Figure 6. SOX5 modulates in vitro terminal B cell differentiation.

Figure 6

(A) Proliferation measured as the ratio of absolute numbers of GFP+ cells in the samples. Absolute cell counts of GFP+ cells on day 0 are taken as 1.0 and the data are expressed as mean ± SD. Summary of three independent experiments are depicted. (B) Frequencies of GFP+ DAPI+ cells within GFP (control) and SOX5-GFP-transduced peripheral blood B cells cultivated in vitro. (C) Plasma cell differentiation analyzed by FACS in peripheral blood B cells stably transduced either with GFP (control) or SOX5-GFP fusion construct upon in vitro stimulation with IL4+CD40L+IL21. DAPI-negative GFP+ gated cells were analyzed by FACS for the plasma cell markers CD138 and CD38 at days 3, 6 and 9. Gates indicate the frequencies of CD138+CD38hi plasmablasts in each FACS plot.
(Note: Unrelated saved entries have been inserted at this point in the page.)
(* Let $\mathcal{X}$ be a finite alphabet with $|\mathcal{X}|\ge 2$, and consider the Ising channel with alphabet $\mathcal{X}$ (defined in the context), used with noiseless causal output feedback. There exists a feedback coding scheme for this channel that achieves the rate $$R(\mathcal{X}) = \max_{p \in [0,1]} 2\,\frac{H_2(p) + (1-p) \log_2\left(|\mathcal{X}|-1\right)}{p+3}.$$
   Context: The Ising channel with alphabet $\mathcal{X}$ is a finite-state channel with input $X_t\in\mathcal{X}$, output $Y_t\in\mathcal{X}$ and state $S_{t-1}\in\mathcal{X}$. At each time $t$, given the current input $x_t$, the state $s_{t-1}$ and all the past, the output is $Y_t=x_t$ with probability $1/2$ and $Y_t=s_{t-1}$ with probability $1/2$, independently of everything else. The state then updates as $S_t=X_t$. The initial state $s_0$ is known to both encoder and decoder. With feedback, the encoder chooses $x_t$ as a function of the message and the past outputs $y^{t-1}$. A rate is achievable if there exist feedback codes at that rate, in bits per channel use, with error probability tending to zero. $H_2(p)=-p\log_2 p-(1-p)\log_2(1-p)$ is the binary entropy function. *)

theory Defs
  imports "HOL-Probability.Probability"
begin

definition H2 :: "real \<Rightarrow> real" where
  "H2 p = (if p = 0 \<or> p = 1 then 0 else - p * log 2 p - (1 - p) * log 2 (1 - p))"

text \<open>One use of the Ising channel: input x, state s (previous input).
  Output is x with probability 1/2 and s with probability 1/2.\<close>
definition ising_step :: "'a \<Rightarrow> 'a \<Rightarrow> 'a pmf" where
  "ising_step x s = map_pmf (\<lambda>b. if b then x else s) (bernoulli_pmf (1/2))"

text \<open>The encoder enc maps the
  message m and the past outputs ys (the feedback) to the next input.
  run_ising enc m s ys k: the current channel state is s, the outputs so far
  are ys, and k further channel uses remain; the result is the distribution
  of the complete output sequence.\<close>
fun run_ising :: "(nat \<Rightarrow> 'a list \<Rightarrow> 'a) \<Rightarrow> nat \<Rightarrow> 'a \<Rightarrow> 'a list \<Rightarrow> nat \<Rightarrow> 'a list pmf" where
  "run_ising enc m s ys 0 = return_pmf ys"
| "run_ising enc m s ys (Suc k) =
     bind_pmf (ising_step (enc m ys) s) (\<lambda>y. run_ising enc m (enc m ys) (ys @ [y]) k)"

definition fb_error :: "'a \<Rightarrow> nat \<Rightarrow> nat \<Rightarrow> (nat \<Rightarrow> 'a list \<Rightarrow> 'a) \<Rightarrow> ('a list \<Rightarrow> nat) \<Rightarrow> real" where
  "fb_error s0 n M enc dec =
     (\<Sum>m<M. measure_pmf.prob (run_ising enc m s0 [] n) {ys. dec ys \<noteq> m}) / real M"

definition fb_achievable :: "'a \<Rightarrow> real \<Rightarrow> bool" where
  "fb_achievable s0 R \<longleftrightarrow>
     (\<forall>\<epsilon>>0. \<exists>N. \<forall>n\<ge>N. \<exists>M enc dec.
        M \<ge> 1 \<and> real M \<ge> 2 powr (real n * (R - \<epsilon>)) \<and> fb_error s0 n M enc dec \<le> \<epsilon>)"

definition ising_rate :: "nat \<Rightarrow> real" where
  "ising_rate k = (SUP p\<in>{0..1::real}. 2 * (H2 p + (1 - p) * log 2 (real k - 1)) / (p + 3))"

end

theory Submission
  imports Defs "HOL-Real_Asymp.Real_Asymp"
begin

(* The decoder tracks the channel state, which is the last decoded symbol s. An output different
   from s must be the current input, which is thereby decoded. An output equal to s is ambiguous;
   the encoder then sends the same symbol once more, the channel state now equals the input, and
   the next output reveals the symbol. So a symbol costs two channel uses if it repeats its
   predecessor and one or two uses, with probability 1/2 each, otherwise.
   The codebook consists of all words of length S with exactly q S repetitions. There are
   (S choose q S) (|X| - 1)^((1 - q) S), about 2^(S (H2 q + (1 - q) log2 (|X| - 1))), of them, and
   each needs on average S (2 q + 3/2 (1 - q)) = S (3 + q) / 2 channel uses. A Chernoff bound,
   in the form of a supermartingale z^(-k) E[z^T] on the decoder states, shows that slightly
   more channel uses suffice for every message. Letting z tend to 1 and q range over fractions
   gives every rate below the supremum. *)

section \<open>Decoding by tracking the channel state\<close>

lemma prob_bind_ising_step:
  "measure_pmf.prob (bind_pmf (ising_step x s) f) E =
     (measure_pmf.prob (f x) E + measure_pmf.prob (f s) E) / 2"
  unfolding ising_step_def bind_map_pmf measure_pmf_bind
  by (subst measure_pmf.measure_bind[where N="count_space UNIV"])
     (auto simp: measure_pmf_in_subprob_algebra)

(* Decoder state (s, pending, ds): s is the last decoded symbol (initially s0) and ds the list of
   decoded symbols; pending means that the last output equalled s. *)
definition dec_step :: "'a \<times> bool \<times> 'a list \<Rightarrow> 'a \<Rightarrow> 'a \<times> bool \<times> 'a list" where
  "dec_step = (\<lambda>(s, pending, ds) y.
     if pending \<or> y \<noteq> s then (y, False, ds @ [y]) else (s, True, ds))"

definition dec_state :: "'a \<Rightarrow> 'a list \<Rightarrow> 'a \<times> bool \<times> 'a list" where
  "dec_state s0 ys = foldl dec_step (s0, False, []) ys"

definition decoded :: "'a \<Rightarrow> 'a list \<Rightarrow> 'a list" where
  "decoded s0 ys = snd (snd (dec_state s0 ys))"

lemma dec_state_snoc: "dec_state s0 (ys @ [y]) = dec_step (dec_state s0 ys) y"
  by (simp add: dec_state_def)

(* U m i is the i-th symbol of the codeword of message m; U m 0 is the initial state. *)
definition codeword_encoder :: "'a \<Rightarrow> (nat \<Rightarrow> nat \<Rightarrow> 'a) \<Rightarrow> nat \<Rightarrow> 'a list \<Rightarrow> 'a" where
  "codeword_encoder s0 U m ys = U m (Suc (length (decoded s0 ys)))"

(* E[z^T] for the number T of channel uses spent on symbol i. *)
definition symbol_mgf :: "(nat \<Rightarrow> 'a) \<Rightarrow> real \<Rightarrow> nat \<Rightarrow> real" where
  "symbol_mgf u z i = (if u i = u (i - 1) then z\<^sup>2 else z * (1 + z) / 2)"

definition tail_mgf :: "(nat \<Rightarrow> 'a) \<Rightarrow> real \<Rightarrow> nat \<Rightarrow> nat \<Rightarrow> real" where
  "tail_mgf u z S i = (\<Prod>l\<in>{i..S}. symbol_mgf u z l)"

(* E[z^T] for the number T of channel uses still needed to decode S symbols (while pending, the
   current symbol is decoded by the next output), except that it is 0 once they are decoded. *)
definition potential :: "(nat \<Rightarrow> 'a) \<Rightarrow> real \<Rightarrow> nat \<Rightarrow> 'a \<times> bool \<times> 'a list \<Rightarrow> real" where
  "potential u z S = (\<lambda>(s, pending, ds).
     if S \<le> length ds then 0
     else (if pending then z else symbol_mgf u z (Suc (length ds))) * tail_mgf u z S (length ds + 2))"

lemma symbol_mgf_ge_1: "z \<ge> 1 \<Longrightarrow> symbol_mgf u z i \<ge> 1"
  unfolding symbol_mgf_def using mult_mono[of 1 z 2 "1 + z"] by simp

lemma tail_mgf_ge_1: "z \<ge> 1 \<Longrightarrow> tail_mgf u z S i \<ge> 1"
  unfolding tail_mgf_def by (rule prod_ge_1) (simp add: symbol_mgf_ge_1)

lemma tail_mgf_Suc: "i \<le> S \<Longrightarrow> tail_mgf u z S i = symbol_mgf u z i * tail_mgf u z S (Suc i)"
  unfolding tail_mgf_def by (simp add: prod.atLeast_Suc_atMost)

lemma potential_ge_1: "z \<ge> 1 \<Longrightarrow> length ds < S \<Longrightarrow> potential u z S (s, pending, ds) \<ge> 1"
  unfolding potential_def
  by (auto intro!: mult_ge1_I simp: symbol_mgf_ge_1 tail_mgf_ge_1)

lemma potential_nonneg: "z \<ge> 1 \<Longrightarrow> potential u z S (s, pending, ds) \<ge> 0"
  using potential_ge_1[of z ds S u s pending] by (cases "length ds < S") (auto simp: potential_def)

lemma potential_le_tail_mgf:
  "z \<ge> 1 \<Longrightarrow> potential u z S (s, False, ds) \<le> tail_mgf u z S (Suc (length ds))"
  using tail_mgf_Suc[of "Suc (length ds)" S u z] tail_mgf_ge_1[of z u S "Suc (length ds)"]
  by (simp add: potential_def)

(* The decoder has recovered a prefix of the codeword u (with u 0 = s0) and c is the channel state. *)
definition in_sync :: "'a \<Rightarrow> (nat \<Rightarrow> 'a) \<Rightarrow> 'a list \<Rightarrow> 'a \<Rightarrow> bool" where
  "in_sync s0 u ys c \<longleftrightarrow> (case dec_state s0 ys of (s, pending, ds) \<Rightarrow>
     ds = map u [1..<Suc (length ds)] \<and> s = u (length ds) \<and>
     c = (if pending then u (Suc (length ds)) else s))"

lemma in_sync_Nil: "u 0 = s0 \<Longrightarrow> in_sync s0 u [] s0"
  by (simp add: in_sync_def dec_state_def)

lemma in_sync_snoc:
  assumes "in_sync s0 u ys c" and "y = u (Suc (length (decoded s0 ys))) \<or> y = c"
  shows "in_sync s0 u (ys @ [y]) (u (Suc (length (decoded s0 ys))))"
proof -
  obtain s pending ds where st: "dec_state s0 ys = (s, pending, ds)"
    by (cases "dec_state s0 ys")
  show ?thesis
  proof (cases "pending \<or> y \<noteq> s")
    case True
    then have "y = u (Suc (length ds))"
      using assms st by (auto simp: in_sync_def decoded_def)
    then show ?thesis
      using True assms(1) st by (simp add: in_sync_def decoded_def dec_state_snoc dec_step_def)
  next
    case False
    then show ?thesis
      using assms(1) st by (simp add: in_sync_def decoded_def dec_state_snoc dec_step_def)
  qed
qed

(* The potential, divided by z at every channel use, is a supermartingale. *)
lemma potential_dec_step:
  assumes "z \<ge> 1" and "in_sync s0 u ys c"
  defines "st \<equiv> dec_state s0 ys" and "x \<equiv> u (Suc (length (decoded s0 ys)))"
  shows "z * (potential u z S (dec_step st x) + potential u z S (dec_step st c)) / 2
    \<le> potential u z S st"
proof -
  obtain s pending ds where st: "st = (s, pending, ds)"
    by (cases st)
  have sync: "s = u (length ds)" "c = (if pending then x else s)" and x: "x = u (Suc (length ds))"
    using assms(2) st unfolding st_def x_def in_sync_def decoded_def by auto
  let ?T = "tail_mgf u z S (length ds + 2)"
  have after_decoding: "potential u z S (dec_step st x) \<le> ?T" if "pending \<or> x \<noteq> s"
    using that st potential_le_tail_mgf[OF assms(1), of u S x "ds @ [x]"] by (auto simp: dec_step_def)
  show ?thesis
  proof (cases "S \<le> length ds")
    case True
    then show ?thesis
      using st by (auto simp: dec_step_def potential_def)
  next
    case False
    consider "pending" | "\<not> pending" "x = s" | "\<not> pending" "x \<noteq> s"
      by blast
    then show ?thesis
    proof cases
      case 1
      then show ?thesis
        using False st sync after_decoding assms(1) by (auto simp: potential_def)
    next
      case 2
      then show ?thesis
        using False st sync x by (simp add: dec_step_def potential_def symbol_mgf_def power2_eq_square)
    next
      case 3
      have "z * (potential u z S (dec_step st x) + z * ?T) / 2 \<le> z * (?T + z * ?T) / 2"
        using after_decoding 3 assms(1) by (simp add: mult_left_mono)
      then show ?thesis
        using 3 False st sync x by (auto simp: dec_step_def potential_def symbol_mgf_def field_simps)
    qed
  qed
qed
Representative FACS plots of three independent experiments are shown. (D) Numbers of CD138+CD38hi plasmablasts in GFP (control) and SOX5-GFP-transduced B cells at days 3, 6 and 9 referring to CD38hi CD138+ cells per 1000 GFP+ cells at day 0. Cell numbers are depicted as mean ± SD and t-test p-values indicate the significant differences. Summary of three independent experiments are shown.